→ **Problem**
Check each line of the material for the string "metis", and copy the lines that have it.

→ **Stored data**

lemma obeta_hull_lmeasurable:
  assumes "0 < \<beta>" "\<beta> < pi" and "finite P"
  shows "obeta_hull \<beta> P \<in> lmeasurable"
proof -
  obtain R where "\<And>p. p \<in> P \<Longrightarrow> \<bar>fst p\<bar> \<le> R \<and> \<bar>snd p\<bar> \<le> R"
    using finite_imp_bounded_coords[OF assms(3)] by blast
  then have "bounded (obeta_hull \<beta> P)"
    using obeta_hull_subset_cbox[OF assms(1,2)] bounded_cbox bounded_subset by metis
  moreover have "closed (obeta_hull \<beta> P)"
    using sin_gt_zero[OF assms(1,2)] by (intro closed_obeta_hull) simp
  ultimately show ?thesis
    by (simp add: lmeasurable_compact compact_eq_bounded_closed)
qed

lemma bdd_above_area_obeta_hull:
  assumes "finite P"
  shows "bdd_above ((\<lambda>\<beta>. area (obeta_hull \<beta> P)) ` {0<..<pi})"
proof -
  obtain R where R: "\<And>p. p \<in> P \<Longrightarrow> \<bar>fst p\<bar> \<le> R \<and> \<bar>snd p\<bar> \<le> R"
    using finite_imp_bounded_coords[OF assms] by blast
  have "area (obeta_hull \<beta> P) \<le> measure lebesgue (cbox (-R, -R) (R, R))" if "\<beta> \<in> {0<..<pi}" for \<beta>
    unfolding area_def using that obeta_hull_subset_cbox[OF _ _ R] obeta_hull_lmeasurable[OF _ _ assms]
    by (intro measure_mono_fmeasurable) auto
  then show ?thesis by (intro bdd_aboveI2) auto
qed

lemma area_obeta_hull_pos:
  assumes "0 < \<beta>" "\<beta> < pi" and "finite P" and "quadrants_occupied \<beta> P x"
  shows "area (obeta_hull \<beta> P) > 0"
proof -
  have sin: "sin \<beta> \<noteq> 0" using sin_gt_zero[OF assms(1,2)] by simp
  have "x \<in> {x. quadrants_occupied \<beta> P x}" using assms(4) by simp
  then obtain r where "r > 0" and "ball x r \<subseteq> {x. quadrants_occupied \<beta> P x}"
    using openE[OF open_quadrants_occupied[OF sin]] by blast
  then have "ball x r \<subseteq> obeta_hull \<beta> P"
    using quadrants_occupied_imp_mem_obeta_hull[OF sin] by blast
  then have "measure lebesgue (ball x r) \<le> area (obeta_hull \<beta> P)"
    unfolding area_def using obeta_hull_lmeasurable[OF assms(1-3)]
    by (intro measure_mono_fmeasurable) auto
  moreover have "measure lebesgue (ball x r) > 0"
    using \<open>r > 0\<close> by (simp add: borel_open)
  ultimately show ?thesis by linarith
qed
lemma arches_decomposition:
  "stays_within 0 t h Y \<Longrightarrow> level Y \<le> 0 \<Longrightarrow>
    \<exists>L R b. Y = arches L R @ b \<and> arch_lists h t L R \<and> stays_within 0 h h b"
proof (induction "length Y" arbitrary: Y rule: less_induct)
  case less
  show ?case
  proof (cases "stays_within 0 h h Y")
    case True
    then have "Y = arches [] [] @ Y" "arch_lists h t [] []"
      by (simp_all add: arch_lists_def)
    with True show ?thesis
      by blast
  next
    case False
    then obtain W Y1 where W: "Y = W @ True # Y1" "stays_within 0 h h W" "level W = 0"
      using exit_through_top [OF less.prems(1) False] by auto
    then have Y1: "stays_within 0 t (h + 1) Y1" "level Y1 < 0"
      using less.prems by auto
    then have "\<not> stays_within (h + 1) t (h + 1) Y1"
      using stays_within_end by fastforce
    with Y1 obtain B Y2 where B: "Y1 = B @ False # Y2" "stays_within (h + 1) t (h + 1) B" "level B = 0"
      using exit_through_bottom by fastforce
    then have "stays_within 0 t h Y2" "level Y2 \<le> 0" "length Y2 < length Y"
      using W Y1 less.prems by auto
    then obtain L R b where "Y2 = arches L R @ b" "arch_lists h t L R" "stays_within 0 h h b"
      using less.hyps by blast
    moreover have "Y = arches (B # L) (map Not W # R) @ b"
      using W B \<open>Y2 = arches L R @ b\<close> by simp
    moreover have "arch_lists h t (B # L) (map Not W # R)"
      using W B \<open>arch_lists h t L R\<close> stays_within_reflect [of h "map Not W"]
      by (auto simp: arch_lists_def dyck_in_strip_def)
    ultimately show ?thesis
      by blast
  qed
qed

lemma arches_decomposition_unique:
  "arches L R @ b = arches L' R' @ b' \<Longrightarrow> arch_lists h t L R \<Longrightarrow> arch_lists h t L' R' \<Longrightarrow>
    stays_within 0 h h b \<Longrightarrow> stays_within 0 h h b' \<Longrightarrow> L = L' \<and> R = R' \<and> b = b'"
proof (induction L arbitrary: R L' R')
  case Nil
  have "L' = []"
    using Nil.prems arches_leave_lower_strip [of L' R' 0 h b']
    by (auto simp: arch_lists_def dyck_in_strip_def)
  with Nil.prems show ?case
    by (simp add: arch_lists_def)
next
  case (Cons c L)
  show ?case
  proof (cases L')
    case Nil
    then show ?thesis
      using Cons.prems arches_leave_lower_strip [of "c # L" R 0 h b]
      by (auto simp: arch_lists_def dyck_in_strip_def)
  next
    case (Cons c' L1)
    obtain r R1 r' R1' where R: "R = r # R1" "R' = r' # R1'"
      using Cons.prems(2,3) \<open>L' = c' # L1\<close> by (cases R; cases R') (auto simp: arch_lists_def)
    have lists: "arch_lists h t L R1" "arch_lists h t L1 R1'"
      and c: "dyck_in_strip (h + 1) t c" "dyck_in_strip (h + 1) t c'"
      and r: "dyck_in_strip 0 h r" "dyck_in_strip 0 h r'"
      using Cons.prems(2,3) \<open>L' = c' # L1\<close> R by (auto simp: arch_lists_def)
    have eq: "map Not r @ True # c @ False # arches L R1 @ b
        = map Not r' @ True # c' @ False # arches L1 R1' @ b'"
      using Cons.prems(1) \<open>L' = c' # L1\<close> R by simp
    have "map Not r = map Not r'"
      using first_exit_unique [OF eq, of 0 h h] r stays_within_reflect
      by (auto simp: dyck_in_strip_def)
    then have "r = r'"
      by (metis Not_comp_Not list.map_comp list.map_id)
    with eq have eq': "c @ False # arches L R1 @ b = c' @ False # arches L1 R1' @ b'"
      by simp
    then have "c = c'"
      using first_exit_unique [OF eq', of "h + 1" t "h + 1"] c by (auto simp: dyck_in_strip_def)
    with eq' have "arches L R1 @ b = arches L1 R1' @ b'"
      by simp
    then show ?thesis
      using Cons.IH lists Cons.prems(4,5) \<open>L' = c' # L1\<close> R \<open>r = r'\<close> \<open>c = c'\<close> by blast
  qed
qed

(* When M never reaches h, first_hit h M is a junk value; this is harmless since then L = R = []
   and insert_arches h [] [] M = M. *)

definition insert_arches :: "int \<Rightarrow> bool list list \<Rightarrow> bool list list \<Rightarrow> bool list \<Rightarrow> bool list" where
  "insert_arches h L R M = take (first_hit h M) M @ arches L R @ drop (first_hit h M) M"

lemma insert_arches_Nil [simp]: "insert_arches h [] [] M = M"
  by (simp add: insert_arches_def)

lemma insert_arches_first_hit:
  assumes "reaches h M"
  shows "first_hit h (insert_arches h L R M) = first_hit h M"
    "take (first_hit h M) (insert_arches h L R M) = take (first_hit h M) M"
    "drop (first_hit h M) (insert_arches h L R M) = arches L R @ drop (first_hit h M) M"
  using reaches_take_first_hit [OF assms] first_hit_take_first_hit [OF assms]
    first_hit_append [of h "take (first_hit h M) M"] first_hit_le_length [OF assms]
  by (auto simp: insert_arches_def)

→ **Solution to this task**
    using obeta_hull_subset_cbox[OF assms(1,2)] bounded_cbox bounded_subset by metis
      by (metis Not_comp_Not list.map_comp list.map_id)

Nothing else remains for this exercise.